Ryan Goldsher
Stand-up specials
Precise celebrity impressions deployed as structural punchlines.
A Ryan Goldsher set moves from conversational storytelling into exact mimicry without a gear shift. He does not announce who he is about to do. He will be talking about a mundane daily interaction, then suddenly drop his jaw and narrow his eyes to become Mark Wahlberg acting profoundly confused about the plot of the movie he is starring in. The voices operate as act-outs. They let him jump out of his own perspective and deliver a punchline from someone else’s.
He occupies a very specific lane in modern comedy: the club comic who actually does impressions.
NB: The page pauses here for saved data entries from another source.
definition selfadjoint :: "('a::chilbert \<Rightarrow> 'a) \<Rightarrow> bool" where
  "selfadjoint Q \<longleftrightarrow> (\<forall>x y. cinner (Q x) y = cinner x (Q y))"

lemma funpow_intertwine: "(\<And>x. S (Q x) = Q' (S x)) \<Longrightarrow> S ((Q ^^ k) x) = (Q' ^^ k) (S x)"
  by (induct k arbitrary: x) auto

lemma norm_funpow_le:
  fixes Q :: "'a::real_normed_vector \<Rightarrow> 'a"
  assumes "\<And>x. norm (Q x) \<le> norm x"
  shows "norm ((Q ^^ k) x) \<le> norm x"
proof (induct k)
  case (Suc k)
  have "norm ((Q ^^ Suc k) x) \<le> norm ((Q ^^ k) x)"
    using assms[of "(Q ^^ k) x"] by simp
  then show ?case using Suc by linarith
qed simp

lemma bounded_linear_funpow:
  fixes Q :: "'a::real_normed_vector \<Rightarrow> 'a"
  assumes "bounded_linear Q"
  shows "bounded_linear (Q ^^ k)"
proof (induct k)
  case (Suc k)
  then show ?case using bounded_linear_compose[OF assms Suc] by (simp add: comp_def)
qed (simp add: id_def)

lemma selfadjoint_funpow: "selfadjoint Q \<Longrightarrow> cinner ((Q ^^ k) x) y = cinner x ((Q ^^ k) y)"
  by (induct k arbitrary: x y) (auto simp: selfadjoint_def funpow_swap1)

fun blinfun_power :: "('a::real_normed_vector \<Rightarrow>\<^sub>L 'a) \<Rightarrow> nat \<Rightarrow> ('a \<Rightarrow>\<^sub>L 'a)" where
  "blinfun_power A 0 = id_blinfun"
| "blinfun_power A (Suc k) = A o\<^sub>L blinfun_power A k"

lemma blinfun_power_apply: "blinfun_apply (blinfun_power A k) x = (blinfun_apply A ^^ k) x"
  by (induct k arbitrary: x) auto

lemma norm_blinfun_power: "norm A \<le> 1 \<Longrightarrow> norm (blinfun_power A k) \<le> 1"
proof (induct k)
  case (Suc k)
  have "norm (blinfun_power A (Suc k)) \<le> norm A * norm (blinfun_power A k)"
    by (simp add: norm_blinfun_compose)
  also have "\<dots> \<le> 1" using Suc by (simp add: mult_le_one)
  finally show ?case .
qed (simp add: norm_blinfun_id_le)

definition sqrt_series :: "('a::chilbert \<Rightarrow> 'a) \<Rightarrow> 'a \<Rightarrow> 'a" where
  "sqrt_series Q = blinfun_apply (\<Sum>k. sqrt_coeff k *\<^sub>R blinfun_power (Blinfun Q) k)"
He won a televised impression competition on the USA Network early in his career, then spent the following years figuring out how to fold that technical skill into standard standup. He works traditional rooms, operating as an observational joke writer who happens to have a fully realized Nicolas Cage available when a bit needs a jolt.
The mimicry relies on absurd logic rather than standard catchphrases. His Joe Biden speaks entirely in surreal, small-town riddles about trading garlic bread for medical care. His Morgan Freeman gently explains minor inconveniences at the doctor’s office.
When he leaves the celebrity voices behind, the material centers on his Illinois family. He gets good mileage out of a father who speaks to him like a basset hound, and the daily reality of having an aggressive face but a passive personality. He grew up in the Chicago suburbs making prank calls, an origin that maps cleanly to his instinct to use voices to hijack a premise.